lemma nn_integral_inv_abs_powr_finite:
  assumes "c < 1" "0 \<le> R"
  shows "(\<integral>\<^sup>+s. indicator {-R..R} s * inv_abs_powr c s \<partial>lborel) < \<infinity>"
proof -
  let ?f = "\<lambda>s. indicator {0..R} s * inv_abs_powr c s"
  have "(\<integral>\<^sup>+s. indicator {-R..R} s * inv_abs_powr c s \<partial>lborel) \<le> (\<integral>\<^sup>+s. ?f s + ?f (- s) \<partial>lborel)"
    by (rule nn_integral_mono) (auto simp: indicator_def)
  also have "\<dots> = (\<integral>\<^sup>+s. ?f s \<partial>lborel) + (\<integral>\<^sup>+s. ?f (- s) \<partial>lborel)"
    by (rule nn_integral_add) auto
  also have "(\<integral>\<^sup>+s. ?f (- s) \<partial>lborel) = (\<integral>\<^sup>+s. ?f s \<partial>lborel)"
    using nn_integral_real_affine[of ?f "-1" 0] by simp
  finally show ?thesis
    using nn_integral_inv_abs_powr_Icc_0_finite[OF assms] by (simp add: order_le_less_trans)
qed

lemma (in pair_sigma_finite) nn_integral_fst_snd_mult:
  assumes [measurable]: "f \<in> borel_measurable M1" "g \<in> borel_measurable M2"
  shows "(\<integral>\<^sup>+w. f (fst w) * g (snd w) \<partial>(M1 \<Otimes>\<^sub>M M2)) = (\<integral>\<^sup>+x. f x \<partial>M1) * (\<integral>\<^sup>+y. g y \<partial>M2)"
proof -
  have "(\<integral>\<^sup>+w. f (fst w) * g (snd w) \<partial>(M1 \<Otimes>\<^sub>M M2)) = (\<integral>\<^sup>+x. \<integral>\<^sup>+y. f x * g y \<partial>M2 \<partial>M1)"
    by (subst M2.nn_integral_fst[symmetric]) auto
  also have "\<dots> = (\<integral>\<^sup>+x. f x * (\<integral>\<^sup>+y. g y \<partial>M2) \<partial>M1)"
    by (simp add: nn_integral_cmult)
  also have "\<dots> = (\<integral>\<^sup>+x. f x \<partial>M1) * (\<integral>\<^sup>+y. g y \<partial>M2)"
    by (simp add: nn_integral_multc)
  finally show ?thesis .
qed

lemma nn_integral_inv_coords_powr_finite:
  assumes "c < 1" "0 \<le> R"
  shows "(\<integral>\<^sup>+w. indicator ({-R..R} \<times> {-R..R}) w * inv_coords_powr c w \<partial>lborel) < \<infinity>"
proof -
  let ?f = "\<lambda>s. indicator {-R..R} s * inv_abs_powr c s"
  have "(\<integral>\<^sup>+w. indicator ({-R..R} \<times> {-R..R}) w * inv_coords_powr c w \<partial>lborel)
      = (\<integral>\<^sup>+w. ?f (fst w) * ?f (snd w) \<partial>(lborel \<Otimes>\<^sub>M lborel))"
    by (simp add: lborel_prod indicator_times inv_coords_powr_def mult_ac)
  also have "\<dots> = (\<integral>\<^sup>+s. ?f s \<partial>lborel) * (\<integral>\<^sup>+s. ?f s \<partial>lborel)"
    by (rule lborel_pair.nn_integral_fst_snd_mult) auto
  finally show ?thesis
    using nn_integral_inv_abs_powr_finite[OF assms] by (simp add: ennreal_mult_less_top)
qed

lemma nn_integral_inv_coords_powr_shift_le:
  assumes "y \<in> ball1 r"
  shows "(\<integral>\<^sup>+u. indicator (ball1 r) u * inv_coords_powr c (u - y) \<partial>lborel)
    \<le> (\<integral>\<^sup>+w. indicator ({-2*r..2*r} \<times> {-2*r..2*r}) w * inv_coords_powr c w \<partial>lborel)"
    (is "_ \<le> (\<integral>\<^sup>+w. ?f w \<partial>lborel)")
proof -
  have [measurable]: "{-2*r..2*r} \<times> {-2*r..2*r} \<in> sets borel"
    by (intro borel_closed closed_Times) auto
  have "u - y \<in> {-2*r..2*r} \<times> {-2*r..2*r}" if "u \<in> ball1 r" for u
    using that assms by (auto simp: ball1_def norm1_def mem_Times_iff)
  then have "(\<integral>\<^sup>+u. indicator (ball1 r) u * inv_coords_powr c (u - y) \<partial>lborel) \<le> (\<integral>\<^sup>+u. ?f (- y + u) \<partial>lborel)"
    by (intro nn_integral_mono) (auto simp: indicator_def)
  also have "\<dots> = (\<integral>\<^sup>+w. ?f w \<partial>distr lborel borel ((+) (- y)))"
    by (rule nn_integral_distr[symmetric]) measurable
  also have "\<dots> = (\<integral>\<^sup>+w. ?f w \<partial>lborel)"
    by (simp only: lborel_distr_plus)
  finally show ?thesis .
qed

_____

* **WORK ORDER**: Please show the lines in the entries above that hold the string "also".

* **REPLY TO THE EXERCISE**:
  also have "\<dots> = (\<integral>\<^sup>+s. ?f s \<partial>lborel) + (\<integral>\<^sup>+s. ?f (- s) \<partial>lborel)"
  also have "(\<integral>\<^sup>+s. ?f (- s) \<partial>lborel) = (\<integral>\<^sup>+s. ?f s \<partial>lborel)"
  also have "\<dots> = (\<integral>\<^sup>+x. f x * (\<integral>\<^sup>+y. g y \<partial>M2) \<partial>M1)"
  also have "\<dots> = (\<integral>\<^sup>+x. f x \<partial>M1) * (\<integral>\<^sup>+y. g y \<partial>M2)"
  also have "\<dots> = (\<integral>\<^sup>+s. ?f s \<partial>lborel) * (\<integral>\<^sup>+s. ?f s \<partial>lborel)"
  also have "\<dots> = (\<integral>\<^sup>+w. ?f w \<partial>distr lborel borel ((+) (- y)))"
  also have "\<dots> = (\<integral>\<^sup>+w. ?f w \<partial>lborel)"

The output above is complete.